▶ **PROVIDED MATERIAL**:
text \<open>The morphism picks an arbitrary representative \<open>(i, f)\<close> of a class and returns \<open>X[f] x\<^sub>i\<close>;
  by \<open>tr_rel_preserves_lift_eval\<close> the choice does not matter.\<close>

lemma aut_hom_from_accepting_lift:
  assumes C: "category C" and P: "is_path C w Fo Fa" and L: "accepting_lift X w Fo Fa xs"
    and X: "is_automaton C X" and T: "is_automaton C (track C w Fo Fa)"
  shows "aut_hom C (track C w Fo Fa) X (\<lambda>U c. lift_eval X xs (SOME p. p \<in> c))"
    (is "aut_hom _ _ _ ?\<eta>")
proof -
  let ?R = "tr_rel C w Fo Fa"
  have PX: "presheaf C X" and PT: "presheaf C (track C w Fo Fa)"
    using X T by (simp_all add: is_automaton_def)
  have lift: "path_lift X w Fo Fa xs"
    using L by (simp add: accepting_lift_def)
  have eval_class: "?\<eta> U (?R U `` {p}) = lift_eval X xs p" if "p \<in> tr_gen C w Fo U" for U p
  proof -
    have "(SOME q. q \<in> ?R U `` {p}) \<in> ?R U `` {p}"
      by (rule someI[of _ p]) (simp add: tr_rel_refl)
    then show ?thesis
      using tr_rel_preserves_lift_eval[OF C P lift PX _ that] by simp
  qed
  have eval_elts: "lift_eval X xs (i, f) \<in> elts X U" if "(i, f) \<in> tr_gen C w Fo U" for U i f
    using that presheaf_act_closed[OF PX, of f "xs i"] lift
    by (auto simp: tr_gen_def hom_def path_lift_def lift_eval_def)
  have eval_unit: "?\<eta> (Fo i) (tr_unit C w Fo Fa i) = xs i" if "i \<le> length w" for i
    using eval_class[OF tr_gen_unit[OF C P that]] presheaf_act_idt[OF PX path_obj[OF P that]] lift that
    by (simp add: tr_unit_def lift_eval_def path_lift_def)
  have "?\<eta> (sdom C \<phi>) (act (track C w Fo Fa) \<phi> c) = act X \<phi> (?\<eta> (scod C \<phi>) c)"
    if \<phi>: "\<phi> \<in> arr C" and c: "c \<in> elts (track C w Fo Fa) (scod C \<phi>)" for \<phi> c
  proof -
    obtain i f where gen: "(i, f) \<in> tr_gen C w Fo (scod C \<phi>)" and c_eq: "c = ?R (scod C \<phi>) `` {(i, f)}"
      using c by (auto simp: track_def elim!: quotientE)
    then have f: "f \<in> hom C (scod C \<phi>) (Fo i)" "i \<le> length w"
      by (auto simp: tr_gen_def)
    have "(i, cmp C f \<phi>) \<in> tr_gen C w Fo (sdom C \<phi>)"
      using category_cmp[OF C \<phi>] f by (auto simp: tr_gen_def hom_def)
    then have "?\<eta> (sdom C \<phi>) (act (track C w Fo Fa) \<phi> c) = act X (cmp C f \<phi>) (xs i)"
      using eval_class track_act_class[OF PT \<phi> gen] c_eq by (simp add: lift_eval_def)
    also have "\<dots> = act X \<phi> (act X f (xs i))"
      using presheaf_act_cmp[OF PX \<phi>] f lift by (auto simp: hom_def path_lift_def)
    also have "\<dots> = act X \<phi> (?\<eta> (scod C \<phi>) c)"
      using eval_class[OF gen] c_eq by (simp add: lift_eval_def)
    finally show ?thesis .
  qed
  moreover have "\<forall>U\<in>obj C. \<forall>c\<in>elts (track C w Fo Fa) U. ?\<eta> U c \<in> elts X U"
    using eval_class eval_elts by (auto simp: track_def elim!: quotientE)
  ultimately show ?thesis
    using X T L eval_unit
    by (auto simp: aut_hom_def track_start_accept accepting_lift_def)
qed

lemma accepting_lift_from_aut_hom:
  assumes C: "category C" and P: "is_path C w Fo Fa" and H: "aut_hom C (track C w Fo Fa) X \<eta>"
  shows "accepting_lift X w Fo Fa (\<lambda>i. \<eta> (Fo i) (tr_unit C w Fo Fa i))"
proof -
  have PT: "presheaf C (track C w Fo Fa)"
    using H by (simp add: aut_hom_def is_automaton_def)
  have unit_elts: "tr_unit C w Fo Fa i \<in> elts (track C w Fo Fa) (Fo i)" if "i \<le> length w" for i
    using tr_gen_unit[OF C P that] by (simp add: track_def tr_unit_def quotientI)
  have "\<eta> (Fo i) (tr_unit C w Fo Fa i) \<in> elts X (Fo i)" if "i \<le> length w" for i
    using H unit_elts[OF that] path_obj[OF P that] by (simp add: aut_hom_def)
  moreover have "act X (Fa (i, j)) (\<eta> (Fo j) (tr_unit C w Fo Fa j)) = \<eta> (Fo i) (tr_unit C w Fo Fa i)"
    if ij: "(i, j) \<in> arr (lin w)" for i j
  proof -
    have \<phi>: "Fa (i, j) \<in> hom C (Fo i) (Fo j)"
      using path_arr[OF P ij] .
    have "j \<le> length w"
      using lin_arr_bounded[OF ij] by simp
    then have "\<eta> (Fo i) (act (track C w Fo Fa) (Fa (i, j)) (tr_unit C w Fo Fa j)) =
        act X (Fa (i, j)) (\<eta> (Fo j) (tr_unit C w Fo Fa j))"
      using H unit_elts \<phi> unfolding aut_hom_def hom_def by auto
    then show ?thesis
      using track_act_unit[OF C P PT ij] by simp
  qed
  ultimately show ?thesis
    using H by (auto simp: accepting_lift_def path_lift_def aut_hom_def track_start_accept)
qed

theorem corollary8:
  fixes C :: "('o, 'm) dcat" and X :: "('o, 'm, 'x) automaton" and G :: "('o, 'm, 'y) automaton"
  assumes "dcategory C" and "is_automaton C X" and "is_track_object C G"
  shows "in_Lang C X G \<longleftrightarrow>
    (\<exists>w Ao Aa. accepting_path C X w Ao Aa \<and> aut_iso C G (track C w (fst \<circ> Ao) (fst \<circ> Aa)))"
proof -
  have C: "category C"
    using assms(1) by (simp add: dcategory_def)
  show ?thesis
  proof
    assume "in_Lang C X G"
    then obtain w Fo Fa \<eta> where P: "is_path C w Fo Fa" and iso: "aut_iso C G (track C w Fo Fa)"
      and \<eta>: "aut_hom C G X \<eta>"
      by (auto simp: in_Lang_def is_track_object_def)
    from iso obtain \<theta> where \<theta>: "aut_hom C (track C w Fo Fa) G \<theta>"
      by (auto simp: aut_iso_def)
    from accepting_lift_from_aut_hom[OF C P aut_hom_comp[OF C \<theta> \<eta>]]
    obtain xs where "accepting_lift X w Fo Fa xs" ..
    then have "accepting_path C X w (\<lambda>i. (Fo i, xs i)) (\<lambda>e. (Fa e, xs (snd e)))"
      by (rule accepting_lift_is_accepting_path[OF P])
    then show "\<exists>w Ao Aa. accepting_path C X w Ao Aa \<and> aut_iso C G (track C w (fst \<circ> Ao) (fst \<circ> Aa))"
      using iso by (intro exI[of _ w] exI[of _ "\<lambda>i. (Fo i, xs i)"] exI[of _ "\<lambda>e. (Fa e, xs (snd e))"])
        (simp add: comp_def)
  next
    assume "\<exists>w Ao Aa. accepting_path C X w Ao Aa \<and> aut_iso C G (track C w (fst \<circ> Ao) (fst \<circ> Aa))"
    then obtain w Ao Aa \<theta> where A: "accepting_path C X w Ao Aa"
      and \<theta>: "aut_hom C G (track C w (fst \<circ> Ao) (fst \<circ> Aa)) \<theta>"
      by (auto simp: aut_iso_def)
    have "is_automaton C (track C w (fst \<circ> Ao) (fst \<circ> Aa))"
      using \<theta> by (simp add: aut_hom_def)
    from aut_hom_from_accepting_lift[OF C accepting_path_projects[OF A] assms(2) this]
    have "aut_hom C G X (\<lambda>U x. lift_eval X (snd \<circ> Ao) (SOME p. p \<in> \<theta> U x))"
      by (rule aut_hom_comp[OF C \<theta>])
    then show "in_Lang C X G"
      using assms(3) by (auto simp: in_Lang_def)
  qed
qed
lemma prime_count_le_card_large_coprime_primes:
  fixes W w X :: nat and R :: real
  assumes R: "0 \<le> R" and coprime: "\<And>p. prime p \<Longrightarrow> w < p \<Longrightarrow> coprime p W"
  shows "real (prime_count X)
    \<le> real (card {p. prime p \<and> p \<le> X \<and> R \<le> real p \<and> coprime p W}) + R + real w + 2"
proof -
  define P where "P = {p. prime p \<and> p \<le> X \<and> R \<le> real p \<and> coprime p W}"
  have "R \<le> real p" if "nat \<lceil>R\<rceil> \<le> p" for p
    using that by (simp add: nat_le_iff ceiling_le_iff)
  then have "{p. prime p \<and> p \<le> X} \<subseteq> P \<union> {..<nat \<lceil>R\<rceil>} \<union> {..w}"
    using coprime by (auto simp: P_def not_le not_less)
  then have "prime_count X \<le> card (P \<union> {..<nat \<lceil>R\<rceil>} \<union> {..w})"
    unfolding prime_count_def by (intro card_mono) (auto simp: P_def)
  also have "\<dots> \<le> card P + nat \<lceil>R\<rceil> + Suc w"
    using card_Un_le[of "P \<union> {..<nat \<lceil>R\<rceil>}" "{..w}"] card_Un_le[of P "{..<nat \<lceil>R\<rceil>}"] by simp
  finally have "real (prime_count X) \<le> real (card P) + real (nat \<lceil>R\<rceil>) + real w + 1"
    by linarith
  moreover have "real (nat \<lceil>R\<rceil>) \<le> R + 1"
    using R by linarith
  ultimately show ?thesis
    unfolding P_def by linarith
qed
lemma ddF_boundary_normal: "i \<in> boundary_onb \<Longrightarrow> j \<in> boundary_onb \<Longrightarrow>
    pd F [\<tau> j, \<tau> i] p \<bullet> L (\<tau> (F p)) = (if i = j then -1 else 0)"
proof -
  assume i: "i \<in> boundary_onb" and j: "j \<in> boundary_onb"
  then have "i \<in> tangent_onb" "j \<in> tangent_onb" unfolding tangent_onb_def by auto
  then have "pd F [\<tau> j] p \<bullet> pd F [\<tau> i] p = (if j = i then 1 else 0)"
    using L_\<tau> inner_tangent_onb by simp
  then show ?thesis
    using boundary_dF_dF[OF \<tau>_boundary[OF i] \<tau>_boundary[OF j]] v by (auto simp: \<tau>_Fp inner_commute)
qed

lemma dddF_boundary_normal: "i \<in> boundary_onb \<Longrightarrow> j \<in> boundary_onb \<Longrightarrow>
    N p \<bullet> pd F [\<tau> j, \<tau> i, \<tau> (F p)] p = - sff F N p (\<tau> i) (\<tau> j)
      + (\<Sum>c\<in>tangent_onb. sff F N p (\<tau> i) (\<tau> c) * (pd F [\<tau> j, \<tau> (F p)] p \<bullet> L (\<tau> c)))
      + (\<Sum>c\<in>tangent_onb. sff F N p (\<tau> j) (\<tau> c) * (pd F [\<tau> i, \<tau> (F p)] p \<bullet> L (\<tau> c)))"
proof -
  assume i: "i \<in> boundary_onb" and j: "j \<in> boundary_onb"
  have "pd F [v] p = F p" using v by simp
  then show ?thesis
    using Weingarten_derivative[OF p(1), of "\<tau> j" "\<tau> i" v]
      boundary_ddN_F[OF \<tau>_boundary[OF i] \<tau>_boundary[OF j]] Weingarten[OF p(1), of "\<tau> i" "\<tau> j"]
      inner_dN[of "pd F [\<tau> j, v] p" "\<tau> i"] inner_dN[of "pd F [\<tau> i, v] p" "\<tau> j"]
    unfolding \<tau>_Fp sff_p by (simp add: inner_commute)
qed

lemma dsff_frame: "dsff (\<tau> a) (\<tau> b) = N p \<bullet> pd F [\<tau> (F p), \<tau> a, \<tau> b] p
    - (\<Sum>c\<in>tangent_onb. sff F N p (\<tau> (F p)) (\<tau> c) * (pd F [\<tau> a, \<tau> b] p \<bullet> L (\<tau> c)))"
  unfolding dsff_def \<tau>_Fp using inner_dN[of "pd F [\<tau> a, \<tau> b] p" v] by (simp add: inner_commute)

lemma dmetric_frame: "dmetric (\<tau> a) (\<tau> b)
    = pd F [\<tau> (F p), \<tau> b] p \<bullet> L (\<tau> a) + pd F [\<tau> (F p), \<tau> a] p \<bullet> L (\<tau> b)"
  unfolding dmetric_def \<tau>_Fp by (simp add: inner_commute)

lemma trace_sff_frame: "(\<Sum>a\<in>tangent_onb. sff F N p (\<tau> a) (\<tau> a)) = 0"
proof -
  have "mean_curv F N p = (\<Sum>i\<in>UNIV. \<Sum>j\<in>UNIV. frame_ginv $ i $ j * sff_mat F N p $ i $ j)"
    by (simp add: mean_curv_eq matrix_inv_metric_p)
  also have "\<dots> = (\<Sum>a\<in>tangent_onb. sff F N p (\<tau> a) (\<tau> a))"
    by (simp add: contract_frame_ginv frame_comp_sff)
  finally show ?thesis using minimal p by simp
qed

lemma trace_dsff_frame: "(\<Sum>a\<in>tangent_onb. \<Sum>b\<in>tangent_onb. dmetric (\<tau> a) (\<tau> b) * sff F N p (\<tau> a) (\<tau> b))
    = (\<Sum>a\<in>tangent_onb. dsff (\<tau> a) (\<tau> a))"
  using mean_curv_derivative_v
  by (simp add: contract_frame_ginv contract_dginv frame_comp_sff frame_comp_dsff sum_negf)

lemma normA2_frame: "normA2 F N p = (\<Sum>a\<in>tangent_onb. \<Sum>c\<in>tangent_onb. (sff F N p (\<tau> a) (\<tau> c))\<^sup>2)"
  by (simp add: normA2_eq matrix_inv_metric_p contract_frame_ginv_frame_ginv frame_comp_sff
      power2_eq_square)

lemma normA2_derivative_frame: "frechet_derivative (normA2 F N) (at p) v =
   - (\<Sum>a\<in>tangent_onb. \<Sum>b\<in>tangent_onb. dmetric (\<tau> a) (\<tau> b)
        * (\<Sum>c\<in>tangent_onb. sff F N p (\<tau> a) (\<tau> c) * sff F N p (\<tau> b) (\<tau> c)))
   - (\<Sum>a\<in>tangent_onb. \<Sum>c\<in>tangent_onb. \<Sum>d\<in>tangent_onb. dmetric (\<tau> c) (\<tau> d)
        * (sff F N p (\<tau> a) (\<tau> c) * sff F N p (\<tau> a) (\<tau> d)))
   + 2 * (\<Sum>a\<in>tangent_onb. \<Sum>c\<in>tangent_onb. dsff (\<tau> a) (\<tau> c) * sff F N p (\<tau> a) (\<tau> c))"
  unfolding normA2_derivative_coords contract_dginv_frame_ginv contract_frame_ginv_dginv
    contract_frame_ginv_frame_ginv frame_comp_sff frame_comp_dsff
  by (simp add: sum_negf mult.commute[of "sff F N p _ _" "dsff _ _"])

theorem normA2_derivative_boundary:
  "frechet_derivative (normA2 F N) (at p) v = - 2 * normA2 F N p - 2 * real CARD('n) * (sff F N p v v)\<^sup>2"
proof -
  interpret frame: boundary_frame_algebra boundary_onb "F p"
    "\<lambda>a b. sff F N p (\<tau> a) (\<tau> b)" "\<lambda>a b. dsff (\<tau> a) (\<tau> b)" "\<lambda>a b. dmetric (\<tau> a) (\<tau> b)"
    "\<lambda>a b c. pd F [\<tau> a, \<tau> b] p \<bullet> L (\<tau> c)" "\<lambda>a b c. N p \<bullet> pd F [\<tau> a, \<tau> b, \<tau> c] p"
  proof
    show "finite boundary_onb" "F p \<notin> boundary_onb"
      by (fact finite_boundary_onb Fp_notin_boundary_onb)+
    show "sff F N p (\<tau> a) (\<tau> b) = sff F N p (\<tau> b) (\<tau> a)" for a b
      by (simp only: sff_p F_pd_swap[OF p(1)])
    show "pd F [\<tau> a, \<tau> b] p \<bullet> L (\<tau> c) = pd F [\<tau> b, \<tau> a] p \<bullet> L (\<tau> c)" for a b c
      by (simp only: F_pd_swap[OF p(1)])
    show "N p \<bullet> pd F [\<tau> a, \<tau> b, \<tau> c] p = N p \<bullet> pd F [\<tau> b, \<tau> a, \<tau> c] p"
      "N p \<bullet> pd F [\<tau> a, \<tau> b, \<tau> c] p = N p \<bullet> pd F [\<tau> a, \<tau> c, \<tau> b] p" for a b c
      by (simp_all only: smooth_on_pd_swap12[OF F_smooth U p(1)] smooth_on_pd_swap23[OF F_smooth U p(1)])
  qed (use dmetric_frame dsff_frame sff_boundary_normal ddF_boundary_normal dddF_boundary_normal
        trace_sff_frame trace_dsff_frame in \<open>simp_all only: tangent_onb_def\<close>)
  have "sff F N p v v = sff F N p (\<tau> (F p)) (\<tau> (F p))" by (simp add: \<tau>_Fp)
  then show ?thesis
    using frame.derivative_identity card_tangent_onb
    unfolding normA2_derivative_frame normA2_frame tangent_onb_def by simp
qed

end

theorem proposition3p7:
  fixes F N :: "real^'n \<Rightarrow> real^'m" and U :: "(real^'n) set" and k :: 'n
  assumes dim: "CARD('m) = CARD('n) + 1"
    and U: "open U"
    and F_smooth: "smooth_on U F"
    and immersion: "\<forall>x\<in>U. inj (frechet_derivative F (at x))"
    and N_smooth: "smooth_on U N"
    and N_unit: "\<forall>x\<in>U. norm (N x) = 1"
    and N_normal: "\<forall>x\<in>U. \<forall>i. N x \<bullet> dF F x i = 0"
    and minimal: "\<forall>x\<in>U. x $ k \<le> 0 \<longrightarrow> mean_curv F N x = 0"
    and bdry_sphere: "\<forall>x\<in>U. x $ k = 0 \<longrightarrow> norm (F x) = 1"
    and free_bdry: "\<forall>x\<in>U. x $ k = 0 \<longrightarrow> N x \<bullet> F x = 0"
    and p: "p \<in> U" "p $ k = 0"
    and v: "frechet_derivative F (at p) v = F p"
  shows "frechet_derivative (normA2 F N) (at p) v
           = - 2 * normA2 F N p - 2 * real CARD('n) * (sff F N p v v)\<^sup>2"
proof -
  interpret free_boundary_chart F N U k p v
    using assms by unfold_locales auto
  show ?thesis by (rule normA2_derivative_boundary)
qed

end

▶ **EXERCISE OBJECTIVE**: Using the records above, write out exactly the lines between the one holding "by (simp_all only: smooth_on_pd_swap12[OF" and the one holding "trace_sff_frame trace_dsff_frame in", inclusive; leave everything else out.

▶ **SOLUTION TO THE PROBLEM**:
      by (simp_all only: smooth_on_pd_swap12[OF F_smooth U p(1)] smooth_on_pd_swap23[OF F_smooth U p(1)])
  qed (use dmetric_frame dsff_frame sff_boundary_normal ddF_boundary_normal dddF_boundary_normal
        trace_sff_frame trace_dsff_frame in \<open>simp_all only: tangent_onb_def\<close>)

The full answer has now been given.